CHAPDISC: DH33, The Prince's Tale
Happy Smiley
happyjoeysmiley at yahoo.com
Thu Nov 13 04:29:11 UTC 2008
No: HPFGUIDX 184836
>>Joey:
>>I still don't understand why *Snape* chose that memory to come on
>>top of his mind. He could have easily gone for simple,
>>good-for-nothing memories thus maintaining his data privacy.
>>Pippin:
>>It was a double bluff, IMO. Snape didn't want Harry or Voldemort to
>>know how good at maintaining data privacy Snape actually was. The
>>memories Snape was eliciting from Harry were not simple,
>>good-for-nothing ones, so it would have been suspicious if the
>>deflected spell pulled fluffy-bunny memories from Snape.
Hmmm, interesting point indeed... but if Voldy can show Harry a false vision of Sirius being crucio-ed why can't Snape do something similar to both Voldy and Harry? He could have "shown" something seemingly true but actually false - he was always mentally prepared for performing occlumency, whether it was with Voldy or Harry. Yet he seems to have chosen to show the real one to Harry.
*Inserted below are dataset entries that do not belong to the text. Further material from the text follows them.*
(* Let $S$ be a nonempty set, and in the category $\mathbf{Sets}$ let $U:\mathbf{Sets}\to\mathbf{Sets}$ be the functor $X\mapsto X^S$, right adjoint to $F: X\mapsto S\times X$, with $T=UF$ the associated state monad. Then $U$ is monadic, i.e. the comparison functor $K:\mathbf{Sets}\to\mathbf{Alg}^T$, $K(Y)=(Y^S,\epsilon_Y^S)$, $K(g)=g^S$, is an equivalence of categories.
   Context: For a set $X$, $TX=(S\times X)^S$; the unit $\eta_X:X\to TX$ sends $x$ to $s\mapsto (s,x)$; the multiplication $\mu_X:TTX\to TX$ is $(\epsilon_{S\times X})^S$, i.e. it sends $s\mapsto (c[s], s'\mapsto (c'[s,s'],x[s,s']))$ to $s\mapsto (c'[s,c[s]],x[s,c[s]])$. Here $\epsilon_Z:S\times Z^S\to Z$, $(s,f)\mapsto f(s)$, is evaluation (the counit of the adjunction $F\dashv U$). A $T$-algebra is a pair $(X,h)$ with $h:TX\to X$ satisfying $h\circ Th=h\circ\mu_X$ and $h\circ\eta_X=\mathrm{id}_X$; a morphism $(X,h)\to(X',h')$ is a map $u:X\to X'$ with $h'\circ Tu=u\circ h$; these form the category $\mathbf{Alg}^T$. "Monadic" here means that $K$ is an equivalence of categories (not necessarily an isomorphism). *)

theory Defs
  imports "HOL-Library.FuncSet"
begin

(* The category Sets is modelled by carrier sets (of arbitrary HOL types) with
  morphisms the extensional functions  Y ->E Y'. *)

definition TX :: "'s set \<Rightarrow> 'x set \<Rightarrow> ('s \<Rightarrow> 's \<times> 'x) set" where
  "TX S X = (S \<rightarrow>\<^sub>E S \<times> X)"

definition st_eta :: "'s set \<Rightarrow> 'x \<Rightarrow> ('s \<Rightarrow> 's \<times> 'x)" where
  "st_eta S x = (\<lambda>s\<in>S. (s, x))"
I doubt that Harry *accidentally* saw the memory given that Snape was known to be an excellent occlumens. Even if we consider the possibility of Snape having remembered his horrible childhood memories after seeing those of Harry's, Snape was prepared for the lesson and the legilimency that Harry was about to perform on him. For a person who can look back calmly into Voldy's face while people around are unable to stand the ferocity of Voldy's gaze, this kind of slip with a boy totally new to legilimency/occlumency seems quite odd to me. May be one explanation is that this was just a weak moment for Snape. Another *remotely* possible reason could be that he did soften a bit and gave in to an impulse to indeed share a similar memory with Harry.